Former presidents
Even less clear are the intentions of former presidents Akbar Hashemi Rafsanjani and Mohammad Khatami, whose moderate candidacies would radically alter the contest. Both appear reluctant to stand unless given the nod from Khamenei but neither have ruled themselves out.
"I will not enter the field without his consent," Rafsanjani said this week, according to the Mehr news agency. "If circumstances are such that there will be conflicts and disputes between me and the leader, we will all lose."
He was president from 1989 to 1997. Khatami, a reformist who succeeded Rafsanjani until 2005, retains much popularity, especially among secular middle classes, youth and women voters.

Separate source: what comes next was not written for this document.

(* Let $T>0$, $\omega_p=\frac{\pi}{2T}$, $\omega_c>0$, $A_u>0$, $\tau\in\mathbb{R}$ and $\varphi_c\in\mathbb{R}$, and let $(\beta^I_m)_{m\in\mathbb{Z}},(\beta^Q_m)_{m\in\mathbb{Z}}$ be sequences in $\{-1,+1\}$. Define $$b_I(t)=\sum_{m=-\infty}^{\infty}\beta^I_m\,\Pi\!\left(\frac{t-2mT}{2T}\right),\qquad b_Q(t)=\sum_{m=-\infty}^{\infty}\beta^Q_m\,\Pi\!\left(\frac{t-(2m+1)T}{2T}\right),$$ where $\Pi(x)=1$ for $|x|<\tfrac12$, $\Pi(x)=\tfrac12$ for $|x|=\tfrac12$, $\Pi(x)=0$ for $|x|>\tfrac12$, and the interfering MSK signal $$u(t)=b_I(t-\tau)\cos\omega_p(t-\tau)\cos(\omega_c t+\varphi_c)+b_Q(t-\tau)\sin\omega_p(t-\tau)\sin(\omega_c t+\varphi_c).$$ Let $\phi_I(t)=\frac{2}{T}\cos\omega_p t\cos\omega_c t$, and for $k\in\mathbb{Z}$ let $$\Lambda^I_u(k)=\int_{(2k-1)T}^{(2k+1)T}\mathrm{LP}\big[A_u\,u(t)\,\phi_I(t)\big]\,dt,$$ where $\mathrm{LP}$ denotes ideal low-pass filtering that discards all components at carrier frequency $2\omega_c$ (i.e., after expanding the product by product-to-sum identities, all terms containing $\cos(2\omega_c t+\cdot)$ or $\sin(2\omega_c t+\cdot)$ are dropped). Set $\varphi_p=\omega_p\tau$, $k'=k-\lfloor \tau/2T\rfloor$, $\underline{\tau}=\tau-2\lfloor\tau/2T\rfloor T\in[0,2T)$, $k^{Q\prime}=k-\lfloor(\tau+T)/2T\rfloor$, and $\underline{\tau^Q}=\tau+T-2\lfloor(\tau+T)/2T\rfloor T\in[0,2T)$. Then $$\Lambda^I_u(k)=\frac{A_u}{2T}\Big\{\cos\varphi_c\Big[\cos\varphi_p\big(\underline{\tau}\,\beta^I_{k'-1}+(2T-\underline{\tau})\,\beta^I_{k'}\big)-\frac{2T}{\pi}\sin\varphi_p\big(\beta^I_{k'-1}-\beta^I_{k'}\big)\Big]$$ $$\qquad-\sin\varphi_c\Big[\sin\varphi_p\big(\underline{\tau^Q}\,\beta^Q_{k^{Q\prime}-1}+(2T-\underline{\tau^Q})\,\beta^Q_{k^{Q\prime}}\big)+\frac{2T}{\pi}\cos\varphi_p\big(\beta^Q_{k^{Q\prime}-1}-\beta^Q_{k^{Q\prime}}\big)\Big]\Big\}.$$
   Context: This is the contribution of an interfering, minimum-shift-keying (MSK) modulated signal to the in-phase soft-bit decision variable of a matched-filter MSK demodulator synchronized to a different signal. $2T$ is the bit duration, $\omega_c$ the carrier angular frequency, $\tau$ the time offset of the interferer (positive means delayed), $\varphi_c$ its carrier phase offset, $A_u$ its received amplitude, and $\beta^I_m,\beta^Q_m$ its in-phase and quadrature information bits; the quadrature bit stream is staggered by $T$ relative to the in-phase one. *)

theory Defs
  imports "HOL-Analysis.Analysis"
begin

"Khatami is definitely the most loved," said a social media consultant in Tehran working for a reformist campaign. "Everyone is waiting for his response. The Qalibaf and Velayati staff are calling his office constantly to see if he will run."
Both Rafsanjani and Khatami have been sidelined since 2009 and their association with reformist leaders Mirhossein Mousavi and Mehdi Karoubi - losing candidates to Ahmadinejad in 2009 and under house arrest for more than two years - has attracted sharp criticism from hardliners.

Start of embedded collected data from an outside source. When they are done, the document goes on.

(* Let $G(T)$ be the graph inverse semigroup of the unary tree $T$, endowed with a Hausdorff topology $\tau$ making it a topological semigroup. Then $(G(T),\tau)$ embeds (as a subsemigroup and topological subspace) densely into a CLP-compact topological semigroup $S$ if and only if $(G(T),\tau)$ is compact, i.e., $\tau=\tau_c$.
   Context: All spaces are Hausdorff; CLP-compact means every cover by clopen sets has a finite subcover. The unary tree $T$ has vertex set $\omega$ and edges $(n,n+1)$ with source $n$ and range $n+1$. The graph inverse semigroup $G(T)$ is the semigroup with zero $0$ generated by the vertices, the edges and formal inverses $e^{-1}$ of edges subject to: for vertices $a,b$: $ab=a$ if $a=b$, else $0$; for edges $e,f$: $s(e)e=er(e)=e$, $e^{-1}s(e)=r(e)e^{-1}=e^{-1}$, $e^{-1}f=r(e)$ if $e=f$, else $0$. The topology $\tau_c$ on $G(T)$: non-zero elements are isolated and the open neighborhoods of $0$ are the cofinite subsets containing $0$. *)

theory Defs
  imports "HOL-Analysis.Analysis"
begin

text \<open>Graph inverse semigroup G(T) of the unary tree T (vertices \<omega>, edges (n,n+1)).
  Every path of T is determined by its source n and range m with n \<le> m.
  Every non-zero element of G(T) has the unique normal form u v^-1 with u, v paths
  and r(u) = r(v); we write GEl i j k for u v^-1 where u is the path from i to k and
  v the path from j to k (so i \<le> k, j \<le> k).  The vertex n is GEl n n n, the edge
  (n,n+1) is GEl n (n+1) (n+1) and its inverse is GEl (n+1) n (n+1).\<close>

datatype gt = GZero | GEl nat nat nat

definition GT :: "gt set" where
  "GT = insert GZero {GEl i j k | i j k. i \<le> k \<and> j \<le> k}"

text \<open>Multiplication: (u v^-1)(w z^-1) is non-zero iff one of v, w is a prefix of the
  other; in the unary tree this happens iff s(v) = s(w).\<close>
fun gt_mult :: "gt \<Rightarrow> gt \<Rightarrow> gt" where
  "gt_mult (GEl i j k) (GEl j' l k') = (if j = j' then GEl i l (max k k') else GZero)"
| "gt_mult _ _ = GZero"

definition tau_c :: "gt topology" where
  "tau_c = topology (\<lambda>U. U \<subseteq> GT \<and> (GZero \<in> U \<longrightarrow> finite (GT - U)))"

definition is_semitop_topology :: "gt topology \<Rightarrow> bool" where
  "is_semitop_topology \<tau> \<longleftrightarrow> topspace \<tau> = GT \<and> Hausdorff_space \<tau> \<and>
     continuous_map (prod_topology \<tau> \<tau>) \<tau> (\<lambda>(x, y). gt_mult x y)"

definition CLP_compact :: "'a topology \<Rightarrow> bool" where
  "CLP_compact X \<longleftrightarrow> (\<forall>\<U>. (\<forall>U\<in>\<U>. closedin X U \<and> openin X U) \<and> topspace X \<subseteq> \<Union>\<U>
       \<longrightarrow> (\<exists>\<F>. finite \<F> \<and> \<F> \<subseteq> \<U> \<and> topspace X \<subseteq> \<Union>\<F>))"

definition top_semigroup :: "'a topology \<Rightarrow> ('a \<Rightarrow> 'a \<Rightarrow> 'a) \<Rightarrow> bool" where
  "top_semigroup X m \<longleftrightarrow> Hausdorff_space X \<and>
     (\<forall>x\<in>topspace X. \<forall>y\<in>topspace X. m x y \<in> topspace X) \<and>
     (\<forall>x\<in>topspace X. \<forall>y\<in>topspace X. \<forall>z\<in>topspace X. m (m x y) z = m x (m y z)) \<and>
     continuous_map (prod_topology X X) X (\<lambda>(x, y). m x y)"

definition dense_embeds :: "gt topology \<Rightarrow> 'a topology \<Rightarrow> ('a \<Rightarrow> 'a \<Rightarrow> 'a) \<Rightarrow> bool" where
  "dense_embeds \<tau> X m \<longleftrightarrow> (\<exists>f. embedding_map \<tau> X f \<and>
     (\<forall>x\<in>GT. \<forall>y\<in>GT. f (gt_mult x y) = m (f x) (f y)) \<and>
     X closure_of (f ` GT) = topspace X)"

end

theory Submission
  imports Defs
begin

text \<open>In a Hausdorff semigroup topology on \<open>G(T)\<close> every non-zero element is isolated: multiplying
  by vertices on both sides cuts out a finite open neighbourhood. Hence \<open>\<tau>\<close> is compact iff every
  neighbourhood of \<open>0\<close> is cofinite iff \<open>\<tau> = \<tau>\<^sub>c\<close>, and a compact \<open>\<tau>\<close> is its own
  CLP-compactification, transported to any infinite carrier type.

  Conversely, let \<open>G(T)\<close> be dense in a CLP-compact Hausdorff topological semigroup \<open>S\<close>. Its
  isolated points stay isolated in \<open>S\<close>, and infinitely many isolated points always have a
  cluster point, for otherwise they would form an infinite clopen discrete set. Applied to the
  pairwise orthogonal vertex idempotents, this forces them to converge to the zero \<open>0\<close> of \<open>S\<close>.
  Writing \<open>GEl i j k\<close> as the product of \<open>GEl i k k\<close>, the vertex \<open>k\<close> and \<open>GEl k j k\<close>, the outer
  factors cluster while the middle one tends to the absorbing \<open>0\<close>, so every sequence of distinct
  elements of \<open>G(T)\<close> tends to \<open>0\<close>: every neighbourhood of \<open>0\<close> is cofinite.\<close>

instance gt :: countable by countable_datatype

lemma GEl_in_GT [simp]: "GEl i j k \<in> GT \<longleftrightarrow> i \<le> k \<and> j \<le> k"
  unfolding GT_def by auto

lemma GZero_in_GT [simp]: "GZero \<in> GT"
  unfolding GT_def by auto

lemma gt_mult_assoc: "gt_mult (gt_mult x y) z = gt_mult x (gt_mult y z)"
  by (cases x; cases y; cases z) (auto simp: max.assoc)

lemma gt_mult_in_GT: "x \<in> GT \<Longrightarrow> y \<in> GT \<Longrightarrow> gt_mult x y \<in> GT"
  by (cases x; cases y) auto

lemma continuous_map_mult_left:
  assumes "continuous_map (prod_topology X X) Y (\<lambda>(x, y). m x y)" "a \<in> topspace X"
  shows "continuous_map X Y (m a)"
proof -
  have "continuous_map X (prod_topology X X) (\<lambda>x. (a, x))"
    by (intro continuous_map_pairedI) (simp_all add: assms(2))
  from continuous_map_compose[OF this assms(1)] show ?thesis by (simp add: o_def)
qed

lemma continuous_map_mult_right:
  assumes "continuous_map (prod_topology X X) Y (\<lambda>(x, y). m x y)" "a \<in> topspace X"
  shows "continuous_map X Y (\<lambda>x. m x a)"
proof -
  have "continuous_map X (prod_topology X X) (\<lambda>x. (x, a))"
    by (intro continuous_map_pairedI) (simp_all add: assms(2))
  from continuous_map_compose[OF this assms(1)] show ?thesis by (simp add: o_def)
qed

lemma continuous_map_mult_diag:
  assumes "continuous_map (prod_topology X X) Y (\<lambda>(x, y). m x y)"
  shows "continuous_map X Y (\<lambda>x. m x x)"
proof -
  have "continuous_map X (prod_topology X X) (\<lambda>x. (x, x))"
    by (intro continuous_map_pairedI) simp_all
  from continuous_map_compose[OF this assms] show ?thesis by (simp add: o_def)
qed

lemma continuous_map_mult_swap:
  assumes "continuous_map (prod_topology X X) Y (\<lambda>(x, y). m x y)"
  shows "continuous_map (prod_topology X X) Y (\<lambda>(x, y). m y x)"
  using continuous_map_compose[OF continuous_map_pairedI[OF continuous_map_snd continuous_map_fst]
      assms]
  by (simp add: o_def case_prod_beta')

lemma openin_singleton_finite_nbhd:
  assumes "t1_space X" "openin X W" "finite W" "x \<in> W"
  shows "openin X {x}"
proof -
  have "closedin X (W - {x})"
    using assms(1,3) openin_subset[OF assms(2)] unfolding t1_space_closedin_finite by blast
  then have "openin X (W - (W - {x}))" by (rule openin_diff[OF assms(2)])
  moreover have "W - (W - {x}) = {x}" using assms(4) by blast
  ultimately show ?thesis by simp
qed

lemma openin_singleton_dense_subtopology:
  assumes "t1_space X" "X closure_of S = topspace X" "openin (subtopology X S) {x}"
  shows "openin X {x}"
proof -
  obtain V where V: "openin X V" "V \<inter> S = {x}"
    using assms(3) by (auto simp: openin_subtopology)
  then have x: "x \<in> topspace X" using openin_subset by blast
  have "V = V \<inter> X closure_of S" using assms(2) openin_subset[OF V(1)] by blast
  also have "\<dots> \<subseteq> X closure_of (V \<inter> S)" by (rule openin_Int_closure_of_subset[OF V(1)])
  also have "\<dots> = {x}" by (simp add: V(2) closure_of_singleton[OF assms(1)] x)
  finally have "V = {x}" using V(2) by blast
  with V(1) show ?thesis by simp
qed

lemma finite_compactin_isolated:
  assumes "compactin X S" "\<forall>x\<in>S. openin X {x}"
  shows "finite S"
  using assms discrete_compactin_eq_finite[of S X] by (force simp: in_derived_set_of)

lemma compact_space_iff_cofinite_nbhds:
  assumes "z \<in> topspace X" "\<And>x. x \<in> topspace X - {z} \<Longrightarrow> openin X {x}"
  shows "compact_space X \<longleftrightarrow> (\<forall>U. openin X U \<and> z \<in> U \<longrightarrow> finite (topspace X - U))"
proof
  assume cpt: "compact_space X"
  show "\<forall>U. openin X U \<and> z \<in> U \<longrightarrow> finite (topspace X - U)"
  proof (intro allI impI)
    fix U assume U: "openin X U \<and> z \<in> U"
    then have "compactin X (topspace X - U)"
      by (simp add: closedin_compact_space[OF cpt] closedin_diff)
    moreover have "\<forall>x \<in> topspace X - U. openin X {x}" using U assms(2) by blast
    ultimately show "finite (topspace X - U)"
      by (rule finite_compactin_isolated)
  qed
next
  assume cof: "\<forall>U. openin X U \<and> z \<in> U \<longrightarrow> finite (topspace X - U)"
  show "compact_space X" unfolding compact_space_alt
  proof (intro allI impI)
    fix \<U> assume \<U>: "(\<forall>U\<in>\<U>. openin X U) \<and> topspace X \<subseteq> \<Union>\<U>"
    then obtain U0 where U0: "U0 \<in> \<U>" "z \<in> U0" using assms(1) by blast
    have finite: "finite (topspace X - U0)" using cof U0 \<U> by blast
    have "\<forall>x \<in> topspace X - U0. \<exists>U\<in>\<U>. x \<in> U" using \<U> by blast
    then obtain c where c: "\<forall>x \<in> topspace X - U0. c x \<in> \<U> \<and> x \<in> c x" by metis
    show "\<exists>\<F>. finite \<F> \<and> \<F> \<subseteq> \<U> \<and> topspace X \<subseteq> \<Union>\<F>"
      using finite c U0 by (intro exI[of _ "insert U0 (c ` (topspace X - U0))"]) auto
  qed
qed

lemma filterlim_dominant_coordinate:
  "filterlim (\<lambda>(i, j, k). k) sequentially
     (inf cofinite (principal {(i, j, k). i \<le> k \<and> j \<le> (k::nat)}))"
  unfolding filterlim_at_top eventually_inf_principal eventually_cofinite
proof
  fix K :: nat
  have "{t. \<not> (t \<in> {(i, j, k). i \<le> k \<and> j \<le> k} \<longrightarrow> K \<le> (case t of (i, j, k) \<Rightarrow> k))}
      \<subseteq> {..K} \<times> {..K} \<times> {..K}"
    by auto
  then show "finite {t. \<not> (t \<in> {(i, j, k). i \<le> k \<and> j \<le> k} \<longrightarrow> K \<le> (case t of (i, j, k) \<Rightarrow> k))}"
    by (rule finite_subset) simp
qed

lemma compact_space_imp_CLP_compact: "compact_space X \<Longrightarrow> CLP_compact X"
  unfolding CLP_compact_def compact_space_alt by blast

definition clusterin :: "'a topology \<Rightarrow> ('b \<Rightarrow> 'a) \<Rightarrow> 'a \<Rightarrow> 'b filter \<Rightarrow> bool" where
  "clusterin X f l F \<longleftrightarrow>
     l \<in> topspace X \<and> (\<forall>U. openin X U \<and> l \<in> U \<longrightarrow> frequently (\<lambda>x. f x \<in> U) F)"

lemma frequently_cofinite_principal:
  "frequently P (inf cofinite (principal I)) \<longleftrightarrow> infinite {x \<in> I. P x}"
  by (simp add: frequently_def eventually_inf_principal eventually_cofinite)

lemma clusterin_inf_principalE:
  assumes "clusterin X a l (inf F (principal N))" "openin X U" "l \<in> U" "eventually Q F"
  obtains n where "n \<in> N" "a n \<in> U" "Q n"
proof -
  have "frequently (\<lambda>n. a n \<in> U) (inf F (principal N))"
    using assms(1-3) by (simp add: clusterin_def)
  moreover have "eventually (\<lambda>n. n \<in> N \<and> Q n) (inf F (principal N))"
    using assms(4) by (auto simp: eventually_inf_principal elim: eventually_mono)
  ultimately have "frequently (\<lambda>n. (n \<in> N \<and> Q n) \<and> a n \<in> U) (inf F (principal N))"
    by (rule frequently_eventually_conj)
  then show ?thesis using that by (auto dest: frequently_ex)
qed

Mainstream contenders are not the only ones facing pressure from the authorities. Hooshang Amirahmadi, an academic living in the United States, intends to take part in the election to call for economic reform and ending confrontation with Washington but said that officials have tried to discourage him from standing.
"I was in Tehran two weeks ago and they told me to stay away," he told Reuters from New Jersey, where he is a professor of planning and public policy at Rutgers University.
"They said that my safety is in danger. They are really nervous and that surprises me."